ISIS CRM LIMITED - Analysis Report

Company Number: 12749708

Analysis Date: 2025-07-29 14:24 UTC

  1. Credit Opinion: APPROVE
    ISIS CRM LIMITED demonstrates a solid liquidity position with increasing net current assets and shareholders’ funds over the last four years. The company benefits from a strong cash balance relative to its current liabilities, indicating an ability to meet short-term obligations comfortably. The single director’s stable stewardship and absence of adverse records further support credit approval. No indications of distress or overdue filings exist, and the company operates in the stable IT services sector, suggesting resilience.

  2. Financial Strength:
    The balance sheet shows a clean structure with no long-term liabilities or debt disclosed, implying low financial leverage and risk. Shareholders’ funds have grown steadily from £16.7k in 2020 to £77.8k in 2024, reflecting retained earnings accumulation and capital preservation.
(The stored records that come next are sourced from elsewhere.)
(* Let $q$ be a prime power not divisible by $2$ or $3$, and let $\lambda\in\mathbb{F}_q^\times$ with $27\lambda\ne1$. Let $E_\lambda$ be the projective closure of the curve $y^2+xy+y=\lambda x^3$ (the affine curve together with its point at infinity). Then $|E_\lambda(\mathbb{F}_q)|=q+1-H_q(27\lambda)$, where $H_q$ is the hypergeometric sum with $\boldsymbol\alpha=(1/3,2/3)$, $\boldsymbol\beta=(1,1)$.
   Context: Fix a nontrivial additive character $\psi_q$ of $\mathbb{F}_q$, a generator $\omega$ of the character group of $\mathbb{F}_q^\times$, and $g(m)=\sum_{x\in\mathbb{F}_q^\times}\omega(x)^m\psi_q(x)$. Here, with $(p_1)=(3)$ and $(q_1,q_2,q_3)=(1,1,1)$, $H_q$ is defined for $t\in\mathbb{F}_q^\times$ by $$H_q(t)=\frac{(-1)^{4}}{1-q}\sum_{m=0}^{q-2}q^{s(m)-1}g(3m)g(-m)^3\,\omega(-t/27)^m,$$ where $s(m)=1$ if $m\equiv0\pmod{q-1}$ and $s(m)=0$ otherwise. *)

theory Defs
  imports Complex_Main
begin

text \<open>The finite field F_q is modelled by a finite field type 'a, with q = card (UNIV :: 'a set).\<close>

definition additive_char :: "('a::{finite,field} \<Rightarrow> complex) \<Rightarrow> bool" where
  "additive_char \<psi> \<longleftrightarrow> (\<forall>x y. \<psi> (x + y) = \<psi> x * \<psi> y) \<and> \<psi> 0 = 1"

definition nontrivial_additive_char :: "('a::{finite,field} \<Rightarrow> complex) \<Rightarrow> bool" where
  "nontrivial_additive_char \<psi> \<longleftrightarrow> additive_char \<psi> \<and> (\<exists>x. \<psi> x \<noteq> 1)"

definition mult_char :: "('a::{finite,field} \<Rightarrow> complex) \<Rightarrow> bool" where
  "mult_char \<omega> \<longleftrightarrow> (\<forall>x y. x \<noteq> 0 \<longrightarrow> y \<noteq> 0 \<longrightarrow> \<omega> (x * y) = \<omega> x * \<omega> y)
                   \<and> (\<forall>x. x \<noteq> 0 \<longrightarrow> \<omega> x \<noteq> 0)"

text \<open>A generator of the (cyclic) character group of F_q^x: its order is exactly q - 1.\<close>
definition char_generator :: "('a::{finite,field} \<Rightarrow> complex) \<Rightarrow> bool" where
  "char_generator \<omega> \<longleftrightarrow> mult_char \<omega> \<and>
     (\<forall>k::nat. (\<forall>x::'a. x \<noteq> 0 \<longrightarrow> \<omega> x ^ k = 1) \<longleftrightarrow> (card (UNIV :: 'a set) - 1) dvd k)"

definition gauss_sum :: "('a::{finite,field} \<Rightarrow> complex) \<Rightarrow> ('a \<Rightarrow> complex) \<Rightarrow> int \<Rightarrow> complex" where
  "gauss_sum \<psi> \<omega> m = (\<Sum>x\<in>{x::'a. x \<noteq> 0}. (\<omega> x) powi m * \<psi> x)"

definition s_fun :: "nat \<Rightarrow> int \<Rightarrow> int" where
  "s_fun q m = (if m mod (int q - 1) = 0 then 1 else 0)"

text \<open>H_q(t) for alpha = (1/3,2/3), beta = (1,1), i.e. (p_1) = (3), (q_1,q_2,q_3) = (1,1,1).\<close>
definition H_q :: "('a::{finite,field} \<Rightarrow> complex) \<Rightarrow> ('a \<Rightarrow> complex) \<Rightarrow> 'a \<Rightarrow> complex" where
  "H_q \<psi> \<omega> t =
     (let q = card (UNIV :: 'a set) in
      ((-1) ^ 4 / (1 - of_nat q)) *
      (\<Sum>m = 0..int q - 2.
         (of_nat q) powi (s_fun q m - 1) * gauss_sum \<psi> \<omega> (3 * m) * (gauss_sum \<psi> \<omega> (- m)) ^ 3
         * (\<omega> (- t / 27)) powi m))"

text \<open>Number of F_q-points of the projective closure of y^2 + xy + y = lambda x^3:
  the affine solutions plus the single point at infinity.\<close>
definition E_card :: "'a::{finite,field} \<Rightarrow> nat" where
  "E_card lam = card {p :: 'a \<times> 'a. snd p ^ 2 + fst p * snd p + snd p = lam * fst p ^ 3} + 1"

end

theory Submission
  imports Defs "HOL-Number_Theory.Residues"
begin

(* Substituting b \<mapsto> a b in g(-m) turns g(3m) g(-m)^3 \<omega>(-\<lambda>)^m into a sum over
   (a, b, c, d) \<in> (F_q^x)^4 of \<omega>(-\<lambda>/(bcd))^m \<psi>(a (1 + b + c + d)).  Summing over m picks out
   bcd = -\<lambda> by orthogonality of characters, and the sum over a detects 1 + b + c + d = 0; so the
   sum of these terms over m is (q - 1)(q N - (q - 1)^2), where N is the number of points of
   b c (1 + b + c) = \<lambda> on the torus.  The substitution (x, y) = (1/c, b/c) identifies these
   with the affine points of E_\<lambda> having x \<noteq> 0; the affine points (0, 0), (0, -1) and the point
   at infinity give |E_\<lambda>(F_q)| = N + 3, while unwinding the weights q^(s(m)-1)/(1-q) in H_q
   gives H_q(27\<lambda>) = q - 2 - N. *)

lemma sum_nonzero_eq_sum_UNIV_minus:
  fixes f :: "'a::{finite,zero} \<Rightarrow> 'b::ab_group_add"
  shows "(\<Sum>x\<in>{x. x \<noteq> 0}. f x) = (\<Sum>x\<in>UNIV. f x) - f 0"
proof -
  have "{x::'a. x \<noteq> 0} = UNIV - {0}" by auto
  then show ?thesis by (simp add: sum_diff1)
qed

lemma card_nonzero: "card {x::'a::{finite,zero}. x \<noteq> 0} = card (UNIV :: 'a set) - 1"
proof -
  have "{x::'a. x \<noteq> 0} = UNIV - {0}" by auto
  then show ?thesis by (simp add: card_Diff_singleton)
qed

lemma additive_char_sum_mult:
  fixes \<psi> :: "'a::{finite,field} \<Rightarrow> complex"
  assumes "nontrivial_additive_char \<psi>"
  shows "(\<Sum>a\<in>UNIV. \<psi> (a * z)) = (if z = 0 then of_nat (card (UNIV :: 'a set)) else 0)"
proof (cases "z = 0")
  case True
  with assms show ?thesis by (simp add: nontrivial_additive_char_def additive_char_def)
next
  case False
  from assms obtain x0 where x0: "\<psi> x0 \<noteq> 1" and add: "additive_char \<psi>"
    unfolding nontrivial_additive_char_def by blast
  have "(\<Sum>x\<in>UNIV. \<psi> x) = (\<Sum>x\<in>UNIV. \<psi> (x + x0))"
    by (rule sum.reindex_bij_witness[where i="\<lambda>x. x + x0" and j="\<lambda>x. x - x0"]) auto
  also have "\<dots> = \<psi> x0 * (\<Sum>x\<in>UNIV. \<psi> x)"
    using add by (simp add: additive_char_def sum_distrib_left mult.commute)
  finally have "(\<Sum>x\<in>UNIV. \<psi> x) = 0"
    using x0 by (metis mult_cancel_right1)
  moreover have "(\<Sum>a\<in>UNIV. \<psi> (a * z)) = (\<Sum>x\<in>UNIV. \<psi> x)"
    by (rule sum.reindex_bij_witness[where i="\<lambda>x. x / z" and j="\<lambda>a. a * z"]) (use False in auto)
  ultimately show ?thesis using False by simp
qed

lemma additive_char_sum_nonzero_mult:
  fixes \<psi> :: "'a::{finite,field} \<Rightarrow> complex"
  assumes "nontrivial_additive_char \<psi>"
  shows "(\<Sum>a\<in>{a. a \<noteq> 0}. \<psi> (a * z)) = (if z = 0 then of_nat (card (UNIV :: 'a set)) else 0) - 1"
  using assms by (simp add: sum_nonzero_eq_sum_UNIV_minus additive_char_sum_mult
      nontrivial_additive_char_def additive_char_def)

lemma gauss_sum_0:
  assumes "nontrivial_additive_char \<psi>"
  shows "gauss_sum \<psi> \<omega> 0 = -1"
  using additive_char_sum_nonzero_mult[OF assms, of 1] by (simp add: gauss_sum_def)

lemma mult_char_one: "mult_char \<omega> \<Longrightarrow> \<omega> 1 = 1"
  unfolding mult_char_def by (metis mult_cancel_right1 one_neq_zero mult_1)

lemma power_card_eq_1_if_mult_closed:
  fixes I :: "'b::field set"
  assumes "finite I" "0 \<notin> I" "\<And>u v. u \<in> I \<Longrightarrow> v \<in> I \<Longrightarrow> u * v \<in> I" "w \<in> I"
  shows "w ^ card I = 1"
proof -
  have inj: "inj_on ((*) w) I" using assms(2,4) by (auto simp: inj_on_def)
  have "(*) w ` I = I"
    using assms(3,4) card_image[OF inj] by (intro card_subset_eq[OF assms(1)]) auto
  then have "\<Prod>I = (\<Prod>u\<in>I. w * u)" using prod.reindex[OF inj, of id] by simp
  also have "\<dots> = w ^ card I * \<Prod>I" by (simp add: prod.distrib)
  finally show ?thesis using assms(1,2) by (metis mult_cancel_right1 prod_zero_iff)
qed

lemma char_generator_eq_1_iff:
  assumes gen: "char_generator \<omega>" and "x \<noteq> 0"
  shows "\<omega> x = 1 \<longleftrightarrow> x = 1"
proof
  assume "\<omega> x = 1"
  define F where "F = {x::'a. x \<noteq> 0}"
  have mult: "mult_char \<omega>" using gen by (simp add: char_generator_def)
  have closed: "u * v \<in> \<omega> ` F" if "u \<in> \<omega> ` F" "v \<in> \<omega> ` F" for u v
  proof -
    from that obtain a b where "a \<in> F" "b \<in> F" "u = \<omega> a" "v = \<omega> b" by auto
    with mult show ?thesis by (auto simp: F_def mult_char_def intro!: image_eqI[of _ _ "a * b"])
  qed
  have "0 \<notin> \<omega> ` F" using mult by (auto simp: F_def mult_char_def)
  then have "\<forall>y. y \<noteq> 0 \<longrightarrow> \<omega> y ^ card (\<omega> ` F) = 1"
    using power_card_eq_1_if_mult_closed[OF _ _ closed] by (auto simp: F_def)
  \<comment> \<open>so the image of \<omega> has order q - 1, i.e. \<omega> is injective on F_q^x\<close>
  then have "card (UNIV :: 'a set) - 1 dvd card (\<omega> ` F)"
    using gen by (simp add: char_generator_def)
  moreover have "card (\<omega> ` F) \<le> card F" "card (\<omega> ` F) > 0"
    by (auto simp: card_image_le F_def card_gt_0_iff intro: exI[of _ 1])
  ultimately have "card (\<omega> ` F) = card F"
    using card_nonzero[where 'a='a] by (metis F_def dvd_imp_le le_antisym)
  then have "inj_on \<omega> F" by (simp add: eq_card_imp_inj_on)
  then show "x = 1"
    using \<open>\<omega> x = 1\<close> \<open>x \<noteq> 0\<close> mult_char_one[OF mult] by (auto simp: F_def inj_on_def)
qed (use gen mult_char_one in \<open>auto simp: char_generator_def\<close>)

lemma char_generator_orthogonality:
  fixes \<omega> :: "'a::{finite,field} \<Rightarrow> complex"
  assumes "char_generator \<omega>" and "z \<noteq> 0"
  shows "(\<Sum>m<card (UNIV :: 'a set) - 1. \<omega> z ^ m)
       = (if z = 1 then of_nat (card (UNIV :: 'a set) - 1) else 0)"
proof (cases "z = 1")
  case True
  with assms show ?thesis by (simp add: char_generator_def mult_char_one)
next
  case False
  have "\<omega> z ^ (card (UNIV :: 'a set) - 1) = 1"
    using assms(1)[unfolded char_generator_def, THEN conjunct2, rule_format, of "card (UNIV :: 'a set) - 1"]
      assms(2) by simp
  with False assms show ?thesis
    by (simp add: geometric_sum char_generator_eq_1_iff)
qed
The company’s asset base is composed almost entirely of cash, with minimal debtors and creditors, indicating limited operational complexity but strong financial prudence.

  3. Cash Flow Assessment:
    Cash balances have increased year-on-year from £21.5k in 2020 to £83.9k in 2024, providing excellent liquidity coverage against current liabilities which remain low and stable (£6.2k in 2024). The net current assets position is very healthy at £77.8k, evidencing ample working capital to support operations and short-term commitments. The company’s reliance on cash rather than receivables reduces credit risk and supports timely creditor payments.

  4. Monitoring Points:

  • Maintain close monitoring of turnover and profitability trends, as detailed profit and loss data are not disclosed.
  • Track any changes in creditor or debtor levels that may impact liquidity.
  • Monitor director conduct and company status to ensure continued compliance and absence of negative actions.
  • Observe the company’s ability to expand beyond cash-only assets to diversify working capital if growth accelerates.